Public access to the lake is best at Wizard Lake Jubilee Park (FIGURE 2). Facilities include a summer campground with 114 sites, tap water, a sewage disposal station, a public telephone, a beach, a playground and a boat launch. A small grocery store and concession also operate at the park.
Intensive use of the lake, especially on summer weekends, led to conflict between water skiers, high-speed power boat operators, canoeists and anglers. In 1977, the Wizard Lake area became subject to the Regulated Lake Shoreland Development Operation Regulations, which were administered by Alberta Environment. The regulations prohibited most developments at the lake until a lake management plan and an area structure plan were prepared and adopted by the counties of Leduc and Wetaskiwin. A lake management plan was prepared by 1979, which included a summary of regulations and policies (Edm. and Battle R. Reg. Plan. Commis. 1979[a]; 1979[b]; 1980). One of the recommendations in the plan was to divide the lake into two zones. The boat speed in the west half of the lake was to be limited to 12 km/hour to facilitate access by anglers, yet minimize conflict with canoeists and wildlife. The boat speed in the east half was to be limited to 65 km/hour to allow water skiing, yet minimize excessively fast power boat activities that might endanger other users. These recommendations had not been implemented as of 1988, but there are posted areas on the lake where power boats are prohibited or restricted to 12 km/hour (Alta. For. Ld. Wild. 1988).
Fishing for yellow perch and northern pike is popular at Wizard Lake, as are water skiing, canoeing, sailing, SCUBA diving and observing wildlife. Provincial limits for the number and size of fish caught apply to the sport fishery but there are no regulations specific to Wizard Lake (Alta. For. Ld. Wild. 1989).

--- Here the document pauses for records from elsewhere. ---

lemma ar_dom[intro,simp]: "f \<in> Ar C \<Longrightarrow> Dom C f \<in> Ob C"
  and ar_cod[intro,simp]: "f \<in> Ar C \<Longrightarrow> Cod C f \<in> Ob C"
  and idt_ar[intro,simp]: "a \<in> Ob C \<Longrightarrow> Idt C a \<in> Ar C"
  and idt_dom[simp]: "a \<in> Ob C \<Longrightarrow> Dom C (Idt C a) = a"
  and idt_cod[simp]: "a \<in> Ob C \<Longrightarrow> Cod C (Idt C a) = a"
  and cmp_ar[intro,simp]: "f \<in> Ar C \<Longrightarrow> g \<in> Ar C \<Longrightarrow> Cod C f = Dom C g \<Longrightarrow> Cmp C g f \<in> Ar C"
  and cmp_dom[simp]: "f \<in> Ar C \<Longrightarrow> g \<in> Ar C \<Longrightarrow> Cod C f = Dom C g \<Longrightarrow> Dom C (Cmp C g f) = Dom C f"
  and cmp_cod[simp]: "f \<in> Ar C \<Longrightarrow> g \<in> Ar C \<Longrightarrow> Cod C f = Dom C g \<Longrightarrow> Cod C (Cmp C g f) = Cod C g"
  and cmp_idr[simp]: "f \<in> Ar C \<Longrightarrow> Dom C f = a \<Longrightarrow> Cmp C f (Idt C a) = f"
  and cmp_idl[simp]: "f \<in> Ar C \<Longrightarrow> Cod C f = a \<Longrightarrow> Cmp C (Idt C a) f = f"
  using category unfolding category_def by blast+

lemma cmp_assoc:
  "f \<in> Ar C \<Longrightarrow> g \<in> Ar C \<Longrightarrow> h \<in> Ar C \<Longrightarrow> Cod C f = Dom C g \<Longrightarrow> Cod C g = Dom C h \<Longrightarrow>
   Cmp C h (Cmp C g f) = Cmp C (Cmp C h g) f"
  using category unfolding category_def by blast

lemma cmp_retraction_cancel:
  assumes "a \<in> Ar C" "b \<in> Ar C" "Cod C b = Dom C a" "Cmp C a b = Idt C (Dom C b)"
    and "h \<in> Ar C" "Cod C h = Dom C b"
  shows "Cmp C a (Cmp C b h) = h"
  using assms by (simp add: cmp_assoc)

lemma mono_ar: "mono C m \<Longrightarrow> m \<in> Ar C"
  unfolding mono_def by blast

lemma mono_cancel: "mono C m \<Longrightarrow> g \<in> Ar C \<Longrightarrow> h \<in> Ar C \<Longrightarrow> Cod C g = Dom C m \<Longrightarrow> Cod C h = Dom C m \<Longrightarrow>
       Dom C g = Dom C h \<Longrightarrow> Cmp C m g = Cmp C m h \<Longrightarrow> g = h"
  unfolding mono_def by blast

lemma section_mono:
  assumes "r \<in> Ar C" "s \<in> Ar C" "Cod C s = Dom C r" "Cmp C r s = Idt C (Dom C s)"
  shows "mono C s"
  unfolding mono_def
proof (intro conjI assms(2) ballI impI)
  fix h k assume h: "h \<in> Ar C" "k \<in> Ar C" "Cod C h = Dom C s" "Cod C k = Dom C s" "Cmp C s h = Cmp C s k"
  have "h = Cmp C r (Cmp C s h)" using cmp_retraction_cancel[OF assms h(1,3)] ..
  also have "\<dots> = k" using h(5) cmp_retraction_cancel[OF assms h(2,4)] by simp
  finally show "h = k" .
qed

lemma iso_ar: "iso C f \<Longrightarrow> f \<in> Ar C"
  unfolding iso_def by blast

lemma idt_iso: "a \<in> Ob C \<Longrightarrow> iso C (Idt C a)"
  unfolding iso_def by (intro conjI idt_ar bexI[of _ "Idt C a"]) auto

lemma iso_inv:
  assumes "iso C f"
  obtains g where "g \<in> Ar C" "Dom C g = Cod C f" "Cod C g = Dom C f"
     "Cmp C g f = Idt C (Dom C f)" "Cmp C f g = Idt C (Cod C f)" "iso C g"
proof -
  obtain g where g: "g \<in> Ar C" "Dom C g = Cod C f" "Cod C g = Dom C f"
     "Cmp C g f = Idt C (Dom C f)" "Cmp C f g = Idt C (Cod C f)" and f: "f \<in> Ar C"
    using assms unfolding iso_def by blast
  have "iso C g" unfolding iso_def using g f by auto
  then show ?thesis using that g by blast
qed

lemma iso_mono:
  assumes "iso C f"
  shows "mono C f"
proof -
  obtain g where "g \<in> Ar C" "Dom C g = Cod C f" "Cmp C g f = Idt C (Dom C f)"
    using iso_inv[OF assms] by blast
  then show ?thesis using section_mono[of g f] iso_ar[OF assms] by simp
qed

lemma iso_split_epi: "iso C f \<Longrightarrow> split_epi C f"
  unfolding iso_def split_epi_def by blast

lemma split_epi_ar: "split_epi C f \<Longrightarrow> f \<in> Ar C"
  unfolding split_epi_def by blast

lemma split_epi_section:
  assumes "split_epi C e"
  obtains s where "s \<in> Ar C" "Dom C s = Cod C e" "Cod C s = Dom C e" "Cmp C e s = Idt C (Cod C e)"
    "mono C s"
proof -
  obtain s where s: "s \<in> Ar C" "Dom C s = Cod C e" "Cod C s = Dom C e" "Cmp C e s = Idt C (Cod C e)"
    and e: "e \<in> Ar C" using assms unfolding split_epi_def by blast
  then have "mono C s" using section_mono[of e s] by simp
  then show ?thesis using that s by blast
qed

lemma mono_split_epi_iso:
  assumes m: "mono C m" and s: "s \<in> Ar C" "Dom C s = Cod C m" "Cod C s = Dom C m"
    and ms: "Cmp C m s = Idt C (Cod C m)"
  shows "iso C m"
proof -
  have mA: "m \<in> Ar C" using m mono_ar by blast
  have "Cmp C m (Cmp C s m) = Cmp C (Cmp C m s) m" using mA s by (simp add: cmp_assoc)
  also have "\<dots> = Cmp C m (Idt C (Dom C m))" using ms mA by simp
  finally have "Cmp C s m = Idt C (Dom C m)"
    by (rule mono_cancel[OF m, rotated -1]) (use mA s in simp_all)
  then show ?thesis unfolding iso_def using mA s ms by blast
qed

lemma iso_cmp:
  assumes "iso C f" "iso C g" "Cod C f = Dom C g"
  shows "iso C (Cmp C g f)"
proof -
  obtain f' where f': "f' \<in> Ar C" "Dom C f' = Cod C f" "Cod C f' = Dom C f"
     "Cmp C f' f = Idt C (Dom C f)" "Cmp C f f' = Idt C (Cod C f)" using iso_inv assms(1) by blast
  obtain g' where g': "g' \<in> Ar C" "Dom C g' = Cod C g" "Cod C g' = Dom C g"
     "Cmp C g' g = Idt C (Dom C g)" "Cmp C g g' = Idt C (Cod C g)" using iso_inv assms(2) by blast
  have f: "f \<in> Ar C" and g: "g \<in> Ar C" using assms iso_ar by auto
  have "Cmp C (Cmp C f' g') (Cmp C g f) = Cmp C f' (Cmp C g' (Cmp C g f))"
    using f g f' g' assms(3) by (intro cmp_assoc[symmetric]) auto
  also have "\<dots> = Idt C (Dom C f)"
    using f g f' g' assms(3) cmp_retraction_cancel[of g' g f] by simp
  finally have left: "Cmp C (Cmp C f' g') (Cmp C g f) = Idt C (Dom C f)" .
  have "Cmp C (Cmp C g f) (Cmp C f' g') = Cmp C g (Cmp C f (Cmp C f' g'))"
    using f g f' g' assms(3) by (intro cmp_assoc[symmetric]) auto
  also have "\<dots> = Idt C (Cod C g)"
    using f g f' g' assms(3) cmp_retraction_cancel[of f f' g'] by simp
  finally have right: "Cmp C (Cmp C g f) (Cmp C f' g') = Idt C (Cod C g)" .
  show ?thesis unfolding iso_def
    using f g f' g' assms(3) left right by (intro conjI cmp_ar bexI[of _ "Cmp C f' g'"]) auto
qed

lemma split_epi_cmp:
  assumes "split_epi C e" "split_epi C e'" "Cod C e = Dom C e'"
  shows "split_epi C (Cmp C e' e)"
proof -
  obtain s where s: "s \<in> Ar C" "Dom C s = Cod C e" "Cod C s = Dom C e" "Cmp C e s = Idt C (Cod C e)"
    using split_epi_section assms(1) by blast
  obtain s' where s': "s' \<in> Ar C" "Dom C s' = Cod C e'" "Cod C s' = Dom C e'" "Cmp C e' s' = Idt C (Cod C e')"
    using split_epi_section assms(2) by blast
  have e: "e \<in> Ar C" "e' \<in> Ar C" using assms split_epi_ar by auto
  have "Cmp C (Cmp C e' e) (Cmp C s s') = Cmp C e' (Cmp C e (Cmp C s s'))"
    using e s s' assms(3) by (intro cmp_assoc[symmetric]) auto
  also have "\<dots> = Idt C (Cod C e')"
    using e s s' assms(3) cmp_retraction_cancel[of e s s'] by simp
  finally show ?thesis unfolding split_epi_def using e s s' assms(3)
    by (intro conjI cmp_ar bexI[of _ "Cmp C s s'"]) auto
qed

lemma split_epi_right_factor:
  assumes "split_epi C (Cmp C f e)" "e \<in> Ar C" "f \<in> Ar C" "Cod C e = Dom C f"
  shows "split_epi C f"
proof -
  obtain s where s: "s \<in> Ar C" "Dom C s = Cod C f" "Cod C s = Dom C e" "Cmp C (Cmp C f e) s = Idt C (Cod C f)"
    using split_epi_section[OF assms(1)] assms(2-4) by auto
  then have "Cmp C f (Cmp C e s) = Idt C (Cod C f)" using assms(2-4) by (simp add: cmp_assoc)
  then show ?thesis unfolding split_epi_def using assms(2-4) s
    by (intro conjI bexI[of _ "Cmp C e s"]) auto
qed

lemma hom_precomp: "f \<in> hom C s t \<Longrightarrow> a \<in> Ar C \<Longrightarrow> Cod C a = s \<Longrightarrow> Cmp C f a \<in> hom C (Dom C a) t"
  unfolding hom_def by auto

lemma Idt_in_Aut: "r \<in> Ob C \<Longrightarrow> Idt C r \<in> Aut C r"
  unfolding Aut_def hom_def using idt_iso by auto

lemma crel_sub: assumes X: "presheaf C X" shows "crel C P X r \<subseteq> cgens C P X r \<times> cgens C P X r"
proof
  fix p assume "p \<in> crel C P X r"
  then obtain f w x where p: "p = ((f, Act X w x), (Cmp C w f, x))" "f \<in> Ar C" "Dom C f = r" "P f" "w \<in> Ar C"
     "Dom C w = Cod C f" "P (Cmp C w f)" "x \<in> El X (Cod C w)"
    unfolding crel_def by blast
  have "Act X w x \<in> El X (Cod C f)" using act_el[OF X p(5) p(8)] p(6) by simp
  then show "p \<in> cgens C P X r \<times> cgens C P X r" using p unfolding cgens_def by auto
qed

lemma crelq_equiv: "presheaf C X \<Longrightarrow> equiv (cgens C P X r) (crelq C P X r)"
  unfolding crelq_def by (rule eqcl_equiv[OF crel_sub])

lemma crel_in_crelq: "presheaf C X \<Longrightarrow> f \<in> Ar C \<Longrightarrow> Dom C f = r \<Longrightarrow> P f \<Longrightarrow> w \<in> Ar C \<Longrightarrow>
   Dom C w = Cod C f \<Longrightarrow> P (Cmp C w f) \<Longrightarrow> x \<in> El X (Cod C w) \<Longrightarrow>
   ((f, Act X w x), (Cmp C w f, x)) \<in> crelq C P X r"
  unfolding crelq_def by (rule eqcl_base) (unfold crel_def, blast)

lemma crelq_sym: "presheaf C X \<Longrightarrow> (p, q) \<in> crelq C P X r \<Longrightarrow> (q, p) \<in> crelq C P X r"
  using crelq_equiv by (metis equiv_def symD)
lemma crelq_trans: "presheaf C X \<Longrightarrow> (p, q) \<in> crelq C P X r \<Longrightarrow> (q, s) \<in> crelq C P X r \<Longrightarrow> (p, s) \<in> crelq C P X r"
  using crelq_equiv by (metis equiv_def transD)
lemma crelq_in: "presheaf C X \<Longrightarrow> (p, q) \<in> crelq C P X r \<Longrightarrow> p \<in> cgens C P X r \<and> q \<in> cgens C P X r"
  unfolding crelq_def using eqcl_in[OF crel_sub] by blast

lemma crelq_val:
  assumes X: "presheaf C X" and pq: "(p, q) \<in> crelq C P X r"
  shows "(\<lambda>(f, x). Act X f x) p = (\<lambda>(f, x). Act X f x) q"
proof (rule eqcl_invariant[OF _ pq[unfolded crelq_def]])
  fix u v assume "(u, v) \<in> crel C P X r"
  then obtain f w x where p: "u = (f, Act X w x)" "v = (Cmp C w f, x)" "f \<in> Ar C" "Dom C f = r" "P f" "w \<in> Ar C"
     "Dom C w = Cod C f" "P (Cmp C w f)" "x \<in> El X (Cod C w)"
    unfolding crel_def by blast
  show "(\<lambda>(f, x). Act X f x) u = (\<lambda>(f, x). Act X f x) v" using p act_cmp[OF X, of f w x] by simp
qed

lemma ccolimE:
  assumes "K \<in> ccolim C P X r"
  obtains f x where "(f, x) \<in> cgens C P X r" "K = crelq C P X r `` {(f, x)}"
  using assms unfolding ccolim_def by (auto elim!: quotientE)

lemma class_in_ccolim: "p \<in> cgens C P X r \<Longrightarrow> crelq C P X r `` {p} \<in> ccolim C P X r"
  unfolding ccolim_def by (rule quotientI)

lemma ceval_class:
  assumes X: "presheaf C X" and p: "(f, x) \<in> cgens C P X r"
  shows "ceval X (crelq C P X r `` {(f, x)}) = Act X f x"
  unfolding ceval_def
  by (rule the_elem_class[OF crelq_equiv[OF X] p, of "\<lambda>(f, x). Act X f x", simplified])
     (use crelq_val[OF X] in auto)

lemma ceval_mem:
  assumes X: "presheaf C X" and K: "K \<in> ccolim C P X r"
  shows "ceval X K \<in> El X r"
proof -
  obtain f x where p: "(f, x) \<in> cgens C P X r" "K = crelq C P X r `` {(f, x)}" using ccolimE K by blast
  then show ?thesis using ceval_class[OF X p(1)] act_el[OF X] unfolding cgens_def by auto
qed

The water is fairly clear in spring and early summer but blue-green algal blooms turn the water green by midsummer.
The drainage basin of Wizard Lake lies mostly on an undulating glacial till plain. The Wizard Lake Valley was formed in several stages. Prior to glaciation, a channel was cut in the bedrock (Edm. and Battle R. Reg. Plan. Commis. 1979[a]). Next, glaciation deposited till over the area and meltwater from the retreating glacial ice sheet flowed southeastward, following the old channel, eroding the till and leaving the contemporary 30-m deep valley (Twardy et al. 1979). Hills rise to an elevation of 846 m on the southern edge of the drainage basin and to 823 m on the northern edge (En. Mines Resour. Can. 1974).
The bedrock is composed of sandstone, mudstone and siltstone (TABLE 1) with thin limestone, coal and tuff beds in some areas. Highly weathered beds of these formations can be found at shallow depths (1 to 2 m) below the soil surface and as outcrops on the valley slopes (Twardy et al. 1979).

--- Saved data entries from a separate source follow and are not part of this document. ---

lemma integral_energy_01:
  "integral {0..1} energy = h 1 * h' 1 - h 0 * h' 0 + 2 * integral {0..1} (\<lambda>t. (c - t\<^sup>2) * (h t)\<^sup>2)"
proof -
  have "((\<lambda>t. h t * h' t) has_vector_derivative (h' t)\<^sup>2 - (c - t\<^sup>2) * (h t)\<^sup>2) (at t within {0..1})" for t
    by (rule has_real_derivative_iff_has_vector_derivative[THEN iffD1, THEN has_vector_derivative_at_within])
       (auto intro!: derivative_eq_intros solution_has_real_derivative derivative_has_real_derivative
        simp: power2_eq_square algebra_simps)
  then have FTC: "((\<lambda>t. (h' t)\<^sup>2 - (c - t\<^sup>2) * (h t)\<^sup>2) has_integral h 1 * h' 1 - h 0 * h' 0) {0..1}"
    by (intro fundamental_theorem_of_calculus) auto
  have int: "(\<lambda>t. (c - t\<^sup>2) * (h t)\<^sup>2) integrable_on {0..1}"
    by (intro integrable_on_interval continuous_intros)
  have "integral {0..1} energy
      = integral {0..1} (\<lambda>t. ((h' t)\<^sup>2 - (c - t\<^sup>2) * (h t)\<^sup>2) + 2 * ((c - t\<^sup>2) * (h t)\<^sup>2))"
    by (rule arg_cong[where f = "integral {0..1}"]) (simp add: fun_eq_iff energy_def)
  also have "\<dots> = integral {0..1} (\<lambda>t. (h' t)\<^sup>2 - (c - t\<^sup>2) * (h t)\<^sup>2)
      + integral {0..1} (\<lambda>t. 2 * ((c - t\<^sup>2) * (h t)\<^sup>2))"
    using FTC int by (intro Henstock_Kurzweil_Integration.integral_add)
      (auto intro: has_integral_integrable integrable_on_cmult_left)
  also have "\<dots> = h 1 * h' 1 - h 0 * h' 0 + 2 * integral {0..1} (\<lambda>t. (c - t\<^sup>2) * (h t)\<^sup>2)"
    using FTC by (simp add: integral_unique integral_mult[OF int, symmetric])
  finally show ?thesis .
qed

lemma energy_0_minus_energy_1: "energy 0 - energy 1 \<le> 2 * integral {0..1} (\<lambda>t. (h t)\<^sup>2)"
proof -
  have "((\<lambda>t. - (2 * t * (h t)\<^sup>2)) has_integral energy 1 - energy 0) {0..1}"
    by (intro fundamental_theorem_of_calculus)
       (auto intro!: has_real_derivative_iff_has_vector_derivative[THEN iffD1, THEN has_vector_derivative_at_within]
        energy_has_real_derivative)
  then have "energy 0 - energy 1 = integral {0..1} (\<lambda>t. 2 * t * (h t)\<^sup>2)"
    by (simp add: integral_unique has_integral_neg_iff)
  also have "\<dots> \<le> integral {0..1} (\<lambda>t. 2 * (h t)\<^sup>2)"
    by (intro integral_le integrable_on_interval continuous_intros) (auto intro: mult_left_le_one_le)
  finally show ?thesis
    by simp
qed

lemma energy_0_le_integral:
  assumes "5 \<le> c"
  shows "energy 0 \<le> 4 * (c + 1) * integral {0..1} (\<lambda>t. (h t)\<^sup>2)"
proof -
  let ?A = "integral {0..1} (\<lambda>t. (h t)\<^sup>2)"
  have "integral {0..1} (\<lambda>_::real. energy 1) \<le> integral {0..1} energy"
    by (rule integral_le) (auto intro: integrable_continuous_interval continuous_on_energy energy_antimono)
  then have "energy 1 \<le> integral {0..1} energy"
    by simp
  also have "\<dots> \<le> energy 0 / 4 + energy 0 / 4 + 2 * (c * ?A)"
  proof -
    have "4 * \<bar>h 1 * h' 1\<bar> \<le> energy 0" "4 * \<bar>h 0 * h' 0\<bar> \<le> energy 0"
      using abs_mult_le_energy[of 1] abs_mult_le_energy[of 0] energy_le_energy_0[of 1] assms by auto
    moreover have "integral {0..1} (\<lambda>t. (c - t\<^sup>2) * (h t)\<^sup>2) \<le> integral {0..1} (\<lambda>t. c * (h t)\<^sup>2)"
      by (intro integral_le integrable_on_interval continuous_intros) (auto intro!: mult_right_mono)
    ultimately show ?thesis
      unfolding integral_energy_01 by (simp add: abs_le_iff)
  qed
  finally show ?thesis
    using energy_0_minus_energy_1 by (simp add: algebra_simps)
qed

The eastern half of the drainage basin is in the Aspen Parkland Ecoregion, whereas the western half is in the Moist Mixedwood Subregion of the Boreal Mixedwood Ecoregion (Strong and Leggat 1981). The natural vegetation near the lake is typical of both these regions; trembling aspen is dominant and paper birch, white spruce, willow and balsam poplar grow in wetter areas or on north-facing slopes. The difference between the ecoregions is seen in the occurrence of fescue grassland, which is found in dry areas of the Aspen Parkland but not in the Boreal Mixedwood. Before settlement, areas of natural grassland likely occurred at the east end of the Wizard Lake drainage basin, but these areas have since been cultivated. Another difference between the ecoregions is apparent in the soils. The eastern portion is underlain by Chernozemic soils, which form under grasslands; the western portion is underlain by Dark Gray Chernozemics grading to Dark Gray Luvisols, soils which typically form under aspen forests (Bowser et al. 1962; Twardy et al. 1979).
About 7% of the drainage basin is composed of low lying fens and bogs, the former being more common. Fens, such as the area extending northwest from the lake, are generally wet, accumulate sedge peat and have a cover or border of willow, sedges and slough grass; they are underlain by Gleysolic soils. Bogs have an accumulation of moss peat and are covered or bordered by black spruce, tamarack, Labrador tea and mosses; soils in bogs are Humic Mesisols. In the Wizard Lake basin, peat accumulations of up to 4-m deep have been found (Twardy et al. 1979).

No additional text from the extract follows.